In the shadows

_ _ _

Friday night. The place was packed with people who
wanted to forget, if only for a second, the dreary
sorts of things they had to do to earn a buck.

Max was bored. When had partying all night started to
bore her? But it just couldn't compare to the
excitement of stealing, kicking ass, or generally
saving the world. If she didn't watch out, she was
gonna turn into somebody just like Logan, who was
probably already tucked safely into bed, dreaming
sweet dreams of...what did Logan dream about, anyway?
She suddenly wondered.

"What's on your mind, Boo?" Original Cindy asked,
breaking through into Max's thoughts. Max blinked and
looked at her. "You've been circling in outer space
all night. Not like you."

Increasingly like me, Max thought, shrugging at her
friend's question. She forced a smile and sensed
Original Cindy relax.

"Oh, god, who is that?" Kendra appeared next to them
at the bar, her hair wild and face slick with sweat
from the exertions she'd excused herself for. Max
and Original Cindy both turned to look. "He's
beautiful!"

"Mmm-hmm," Cindy said in her usual disapproving tone,
then glanced at Max.

"Very pretty," Max judged. And the boy who'd captured
their attention was all that and more, with dark hair
and intense blue eyes and the hint of a nicely tuned
physique under his t-shirt and jeans.

"Taken," Original Cindy noted as they watched a woman
in a black dress place herself between them and the
beauty. Kendra sighed and turned away to order a
beer but Max watched a moment longer. Long enough to
see the woman's hand close possessively over the
young man's arm as she handed him a cup of something
strong and alcoholic, which he drained quickly.

"Where's your friend tonight?" Max asked Original
Cindy.

"She's taken up with some man," Original Cindy
replied disapprovingly.

"Sorry," Kendra said, knocking back another beer.
Just another Friday night.

_ _ _

Joey was gonna get lucky tonight. New boy in town,
wins them every time, he thought. At least that was
what his friends back home had advised him before he
left for the big, bad city of Seattle. Things seemed
to be working out well, he thought as he finished off
the drink the mystery woman had brought to him.

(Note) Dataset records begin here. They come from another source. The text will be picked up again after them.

definition sbm_labels :: "nat \<Rightarrow> nat pmf \<Rightarrow> (nat \<Rightarrow> nat) pmf" where
  "sbm_labels n \<rho> = Pi_pmf {..<n} 0 (\<lambda>_. \<rho>)"

definition sbm_P :: "real \<Rightarrow> (nat \<Rightarrow> nat \<Rightarrow> real) \<Rightarrow> (nat \<Rightarrow> nat) \<Rightarrow> nat \<Rightarrow> nat \<Rightarrow> real" where
  "sbm_P \<gamma> B Z i j = \<gamma> * B (Z i) (Z j)"

definition sbm_adj :: "nat \<Rightarrow> real \<Rightarrow> (nat \<Rightarrow> nat \<Rightarrow> real) \<Rightarrow> (nat \<Rightarrow> nat)
    \<Rightarrow> (nat \<times> nat \<Rightarrow> bool) pmf" where
  "sbm_adj n \<gamma> B Z = Pi_pmf ({..<n} \<times> {..<n}) False
     (\<lambda>(i,j). if i = j then return_pmf False else bernoulli_pmf (sbm_P \<gamma> B Z i j))"

definition sbm_pmf :: "nat \<Rightarrow> nat pmf \<Rightarrow> (nat \<Rightarrow> nat \<Rightarrow> real) \<Rightarrow> real
    \<Rightarrow> ((nat \<Rightarrow> nat) \<times> (nat \<times> nat \<Rightarrow> bool)) pmf" where
  "sbm_pmf n \<rho> B \<gamma> =
     bind_pmf (sbm_labels n \<rho>) (\<lambda>Z. map_pmf (\<lambda>A. (Z, A)) (sbm_adj n \<gamma> B Z))"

She was visibly older than his sixteen years. Then
again, he knew he looked more than sixteen. Eighteen,
at least. Joey also knew he had a smile that made
most women's knees melt. He was gonna put that to
work for him. He'd show the people back at home.

"...my hotel room," the woman murmured to him. She
had to lean in close so he could hear her over the
throbbing beat of the dance music in the club, and
the cheers for a guy who was doing bike tricks up on
the bar. No, this was nothing like home, Joey
thought.

She had to be loaded to have a hotel room, he noted.
Yeah, they were going to use each other real good. He
tossed the empty cup away from him and took a
lurching step. Must have been stronger than he'd
realized. He flashed his killer smile at the woman -
he didn't even know her name! - and he knew this was
going to be the most memorable night of life.

_ _ _

Cold. Joey shivered as he started to emerge from the
deep blackness of the alcoholic stupor he'd fallen
into. He couldn't remember where he was or why it was
so cold. And he couldn't get his eyes open, even as
he continued to shiver and felt his teeth click
against each other in uncontrollable spasms.

He felt like he'd been hit by a truck. A big one.
What the hell did I do? He asked himself. The last
thing he remembered was hooking up with some chick in
a bar. And why the hell was it so cold?

Finally he got his eyes to open. He was in the
bathtub...and it was filled with ice. What the hell?
He started to get up, but his body protested.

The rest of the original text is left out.